Clubroot is a significant problem in vegetable brassicas in Korea, says Strelkov from U of A. Korean researchers are active in the genetics of resistance and management of the disease.

China

Up to 10 million acres of cruciferous crops are infected by the clubroot pathogen annually in China, Strelkov says, and the disease is estimated to cause yield losses of 20 to 30 per cent.

Colombia

Go to canoladigest.ca to read Jay Whetter’s article “Global concern, local action” with clubroot management tips from the International Clubroot Workshop.
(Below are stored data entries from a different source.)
(* Consider the discrete-time system $$\begin{bmatrix}\mathbf{x}^1_{t+1}\\ \mathbf{x}^2_{t+1}\end{bmatrix}=\begin{bmatrix}\mathbf{A}_{11}&\mathbf{A}_{12}\\ \mathbf{A}_{21}&\mathbf{A}_{22}\end{bmatrix}\begin{bmatrix}\mathbf{x}^1_{t}\\ \mathbf{x}^2_{t}\end{bmatrix}+\mathbf{B}\mathbf{u}_t+\mathbf{w}_t,$$ with $\mathbf{x}^1_t\in\mathbb{R}^n$, $\mathbf{x}^2_t\in\mathbb{R}^m$, state $\mathbf{x}_t=[(\mathbf{x}^1_t)^{\mathrm T},(\mathbf{x}^2_t)^{\mathrm T}]^{\mathrm T}$, and $\mathbf{w}_t\sim\mathcal N(\mathbf 0,\mathrm{diag}(\mathbf W_{11},\mathbf W_{22}))$ i.i.d. with $\mathbf W_{11},\mathbf W_{22}\succ0$. An encoder observes the full state and at each time $t$ emits a binary codeword $\mathbf a_t\in\{0,1\}^*$ according to an arbitrary (possibly randomized) causal policy $\mathbb P(\mathbf a_t\mid \mathbf x_{1:t},\mathbf a_{1:t-1})$; at each $t$ the set $\mathcal A_t=\{\mathsf a\in\{0,1\}^*:\mathbb P(\mathbf a_t=\mathsf a)>0\}$ is prefix-free (no element is a prefix of a different element). A decoder/controller observes $\mathbf a_{1:t}$ and the side information $\mathbf x^2_{1:t}$ and chooses $\mathbf u_t$ according to an arbitrary (possibly randomized) causal policy $\mathbb P(\mathbf u_t\mid \mathbf a_{1:t},\mathbf x^2_{1:t},\mathbf u_{1:t-1})$. Let $\ell(\mathbf a_t)$ denote the length in bits of $\mathbf a_t$. Then for every $T\ge1$, and for any such encoder and decoder/controller policies, $$\sum_{t=1}^{T}\mathbb E[\ell(\mathbf a_t)]\ \ge\ I(\mathbf x_{1:T}\rightarrow\mathbf a_{1:T}\,\|\,\mathbf x^2_{1:T}).$$
   Context: The causally conditioned directed information is defined by $I(\mathbf p_{1:T}\rightarrow\mathbf q_{1:T}\,\|\,\mathbf r_{1:T})=\sum_{t=1}^T I(\mathbf p_{1:t};\mathbf q_t\mid \mathbf q_{1:t-1},\mathbf r_{1:t})$, where $I$ denotes (conditional) mutual information. $\mathbf u_t\in\mathbb R^{u}$, $\mathbf B\in\mathbb R^{(n+m)\times u}$, $(\mathbf A,\mathbf B)$ stabilizable. All probabilities and expectations are with respect to the joint law induced by the plant dynamics and the policies. *)

theory Defs
  imports "HOL-Probability.Probability" "HOL-Library.Sublist"
begin

definition hist :: "(nat \<Rightarrow> 'w \<Rightarrow> 'b) \<Rightarrow> nat set \<Rightarrow> 'w \<Rightarrow> (nat \<Rightarrow> 'b)" where
  "hist p I = (\<lambda>\<omega>. restrict (\<lambda>i. p i \<omega>) I)"

definition sigma_of :: "'w measure \<Rightarrow> ('w \<Rightarrow> 'b) \<Rightarrow> 'b measure \<Rightarrow> 'w measure" where
  "sigma_of M X N = vimage_algebra (space M) X N"

definition cprob :: "'w measure \<Rightarrow> 'w measure \<Rightarrow> ('w \<Rightarrow> 'c) \<Rightarrow> 'c \<Rightarrow> 'w \<Rightarrow> real" where
  "cprob M F Y y = (\<lambda>\<omega>. enn2real (nn_cond_exp M F (indicator {\<omega>\<in>space M. Y \<omega> = y}) \<omega>))"

definition kl_term :: "real \<Rightarrow> real \<Rightarrow> ereal" where
  "kl_term p q = (if p = 0 then 0 else if q = 0 then \<infinity> else ereal (p * log 2 (p / q)))"

definition disc_KL :: "('c::countable \<Rightarrow> real) \<Rightarrow> ('c \<Rightarrow> real) \<Rightarrow> ereal" where
  "disc_KL p q =
     enn2ereal (\<integral>\<^sup>+ y. e2ennreal (kl_term (p y) (q y)) \<partial>count_space UNIV)
   - enn2ereal (\<integral>\<^sup>+ y. e2ennreal (- kl_term (p y) (q y)) \<partial>count_space UNIV)"

text \<open>Conditional mutual information I(X; Y | Z) (in bits) for a discrete (countably valued) Y and
  arbitrary X, Z: the expected KL divergence between the conditional law of Y given (X,Z)
  and the conditional law of Y given Z.\<close>
definition cond_mi ::
  "'w measure \<Rightarrow> ('w \<Rightarrow> 'x) \<Rightarrow> 'x measure \<Rightarrow> ('w \<Rightarrow> 'c::countable) \<Rightarrow> ('w \<Rightarrow> 'z) \<Rightarrow> 'z measure \<Rightarrow> ennreal"
  where
  "cond_mi M X MX Y Z MZ =
     (\<integral>\<^sup>+ \<omega>. e2ennreal (disc_KL
          (\<lambda>y. cprob M (sigma_of M (\<lambda>\<omega>. (X \<omega>, Z \<omega>)) (MX \<Otimes>\<^sub>M MZ)) Y y \<omega>)
          (\<lambda>y. cprob M (sigma_of M Z MZ) Y y \<omega>)) \<partial>M)"

text \<open>Causally conditioned directed information
  I(p_{1:T} -> q_{1:T} || r_{1:T}) = sum_{t=1}^T I(p_{1:t}; q_t | q_{1:t-1}, r_{1:t}),
  for a discrete process q.\<close>
definition dir_info_cc ::
  "'w measure \<Rightarrow> (nat \<Rightarrow> 'w \<Rightarrow> 'p) \<Rightarrow> 'p measure \<Rightarrow> (nat \<Rightarrow> 'w \<Rightarrow> 'c::countable)
    \<Rightarrow> (nat \<Rightarrow> 'w \<Rightarrow> 'r) \<Rightarrow> 'r measure \<Rightarrow> nat \<Rightarrow> ennreal" where
  "dir_info_cc M p Mp q r Mr T =
     (\<Sum>t\<in>{1..T}. cond_mi M (hist p {1..t}) (PiM {1..t} (\<lambda>_. Mp)) (q t)
        (\<lambda>\<omega>. (hist q {1..<t} \<omega>, hist r {1..t} \<omega>))
        (PiM {1..<t} (\<lambda>_. count_space UNIV) \<Otimes>\<^sub>M PiM {1..t} (\<lambda>_. Mr)))"

definition cond_indep ::
  "'w measure \<Rightarrow> ('w \<Rightarrow> 'x) \<Rightarrow> 'x measure \<Rightarrow> ('w \<Rightarrow> 'y) \<Rightarrow> 'y measure \<Rightarrow> ('w \<Rightarrow> 'z) \<Rightarrow> 'z measure \<Rightarrow> bool"
  where
  "cond_indep M X MX Y MY Z MZ \<longleftrightarrow>
     (\<forall>A\<in>sets MX. \<forall>B\<in>sets MY. AE \<omega> in M.
        nn_cond_exp M (sigma_of M Z MZ) (indicator {\<omega>\<in>space M. X \<omega> \<in> A \<and> Y \<omega> \<in> B}) \<omega>
      = nn_cond_exp M (sigma_of M Z MZ) (indicator {\<omega>\<in>space M. X \<omega> \<in> A}) \<omega>
        * nn_cond_exp M (sigma_of M Z MZ) (indicator {\<omega>\<in>space M. Y \<omega> \<in> B}) \<omega>)"

text \<open>Independence of two random variables with possibly different value types
  (the library's indep_var requires equal types).\<close>
definition indep_rv ::
  "'w measure \<Rightarrow> ('w \<Rightarrow> 'x) \<Rightarrow> 'x measure \<Rightarrow> ('w \<Rightarrow> 'y) \<Rightarrow> 'y measure \<Rightarrow> bool" where
  "indep_rv M X MX Y MY \<longleftrightarrow>
     (\<forall>A\<in>sets MX. \<forall>B\<in>sets MY.
        measure M {\<omega>\<in>space M. X \<omega> \<in> A \<and> Y \<omega> \<in> B}
      = measure M {\<omega>\<in>space M. X \<omega> \<in> A} * measure M {\<omega>\<in>space M. Y \<omega> \<in> B})"

definition pos_def_mat :: "real^'n^'n \<Rightarrow> bool" where
  "pos_def_mat S \<longleftrightarrow> transpose S = S \<and> (\<forall>z. z \<noteq> 0 \<longrightarrow> 0 < z \<bullet> (S *v z))"

definition gauss_dens :: "real^'n^'n \<Rightarrow> real^'n \<Rightarrow> real" where
  "gauss_dens S z = exp (- (z \<bullet> (matrix_inv S *v z)) / 2) / sqrt ((2 * pi) ^ CARD('n) * det S)"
In a 2017 national survey, 53.6 per cent of fields tested positive for clubroot. Colombia’s brassica crops are cabbage, broccoli and cauliflower, which tend to be very sensitive to clubroot. Andrea Botero-Ramirez, a Colombian and a Ph.D student working with Strelkov at U of A, says these crops have shown a 30-43 per cent yield drop with spore density of only 1,000 spores per gram of soil, and 60-75 per cent yield drop with spore density of 1,000,000 per gram. Part of the problem in Colombia is tight rotations. Fields have cruciferous crops for six months of the year then usually rotate to potatoes, lettuce, corn or carrots for six months.